Location: The Anatomy Rooms
Date: Thursday 25th May 17:00 to 20:30
17:00-18:00: Roundtable discussion on the future of higher education and the arts in a rapidly changing world with Erin Manning, Tim Ingold and Nuno Sacramento.
18:00-19:00 Drinks and Food
19:00-20:30 Talk: What Things Do When They Shape Each Other – The Way of the Anarchive, by Erin Manning

“Every method is a happy simplification,” writes Whitehead (1967: 221). The thing is, all accounting of experience travels through simplification – every conscious thought, but also, in a more minor sense, every tending toward a capture of attention, every gesture subtracted from the infinity of potential. And so a double-bind presents itself for those of us moved by the force of potential, of the processual, of the in-act. How to reconcile the freshness, as Whitehead might say, of processes underway with the weight of experience captured? How to reconcile force and form? Two shapes compose: “a shape of value and a shape of fact” (Whitehead 1968: 64). To conceptualise these compositions as shapes-in-the-making perhaps gives us a way to conceive a passage that includes the more-than of the forms coursing across processes. By way of the figure of the cuff, I will explore the emergent shaping of relational processes. This, I will suggest, is the way of the anarchive.

Please RSVP Alyson Millar (alysonmillar@abdn.ac.uk) if you will be attending.

Erin Manning holds a University Research Chair in Relational Art and Philosophy in the Faculty of Fine Arts at Concordia University (Montreal, Canada). She is also the director of the SenseLab, a laboratory that explores the intersections between art practice and philosophy through the matrix of the sensing body in movement. Her current art practice is centred on large-scale participatory installations that facilitate emergent collectivities. Current art projects are focused around the concept of minor gestures in relation to colour, movement and participation. Publications include Always More Than One: Individuation’s Dance (Duke UP, 2013), Relationscapes: Movement, Art, Philosophy (Cambridge, Mass.: MIT Press, 2009) and, with Brian Massumi, Thought in the Act: Passages in the Ecology of Experience (Minnesota UP, 2014) and The Minor Gesture (Duke UP, 2016).

Tim Ingold is Professor of Social Anthropology at the University of Aberdeen. He has carried out fieldwork among Saami and Finnish people in Lapland and has written on environment, technology and social organisation in the circumpolar North, on animals in human society, and on human ecology and evolutionary theory. His more recent work explores environmental perception and skilled practice. Ingold’s current interests lie on the interface between anthropology, archaeology, art and architecture. Tim leads the ERC-funded Knowing from the Inside project.
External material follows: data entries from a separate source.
definition KOG :: "'a::bounded_lattice set set set" where
  "KOG = {A. stable A \<and> compactin spectral_top A \<and> openin spectral_top A}"

end

theory Submission
  imports Defs
begin

text \<open>The principal filter \<open>{a..}\<close> and the principal ideal \<open>{..a}\<close> serve as witnesses
  throughout. They show that \<open>X\<^sub>a\<close> is the lower polar of the set \<open>Y\<^sub>a\<close> of ideals
  containing \<open>a\<close> and that \<open>Y\<^sub>a\<close> is the upper polar of \<open>X\<^sub>a\<close>, so \<open>X\<^sub>a\<close> is stable. The
  operations are then computed on the ideal side: an ideal contains \<open>a \<squnion> b\<close> iff it
  contains \<open>a\<close> and \<open>b\<close>, and an ideal lies above some \<open>x \<leadsto> v\<close> with \<open>a \<in> x\<close>, \<open>b \<in> v\<close>
  iff it contains \<open>a \<rightarrow> b\<close>, by monotonicity of \<open>\<rightarrow>\<close> and taking \<open>x = {a..}\<close>,
  \<open>v = {..b}\<close>. Each \<open>X\<^sub>a\<close> is compact because any open set containing the point \<open>{a..}\<close>
  contains all of \<open>X\<^sub>a\<close>. Conversely a compact open set is a finite union of basic sets
  \<open>X\<^sub>c\<close>, and if it is also stable it equals \<open>X\<^sub>s\<close> for the join \<open>s\<close> of those \<open>c\<close>.\<close>

definition Ya :: "'a::bounded_lattice \<Rightarrow> 'a set set" where
  "Ya a = {y \<in> Ys. a \<in> y}"

lemma is_filter_atLeast: "is_filter {a..}"
  unfolding is_filter_def by auto

lemma is_ideal_atMost: "is_ideal {..a}"
  unfolding is_ideal_def by auto

lemma filter_upward: "is_filter F \<Longrightarrow> a \<in> F \<Longrightarrow> a \<le> b \<Longrightarrow> b \<in> F"
  unfolding is_filter_def by blast

lemma ideal_downward: "is_ideal I \<Longrightarrow> a \<in> I \<Longrightarrow> b \<le> a \<Longrightarrow> b \<in> I"
  unfolding is_ideal_def by blast

lemma filter_top: "is_filter F \<Longrightarrow> top \<in> F"
  unfolding is_filter_def by (auto intro: top_greatest)

lemma ideal_bot: "is_ideal I \<Longrightarrow> bot \<in> I"
  unfolding is_ideal_def by (auto intro: bot_least)

lemma filter_inf_iff: "is_filter F \<Longrightarrow> inf a b \<in> F \<longleftrightarrow> a \<in> F \<and> b \<in> F"
  unfolding is_filter_def by (metis inf_sup_ord(1,2))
Nuno Sacramento was born in Maputo, Mozambique and has for the past seven years lived and worked in the North East of Scotland. He was the Director of Scottish Sculpture Workshop in Lumsden, between 2010 and 2016, and is now the Director of Peacock Visual Arts in Aberdeen. He is a graduate of the deAppel Curatorial Training Programme and also completed a PhD by practice in Visual Arts (Shadow Curating) at the School of Media Arts and Imaging, DJCAD, Dundee. He is currently developing ‘Deep Maps/geographies from below’, the WORM (Peacock’s new Project Room), and Free Press a youth-led publishing project. He is involved in research, project curation, writing and lecturing as well as all things concerned with the everyday running of small size arts organisations.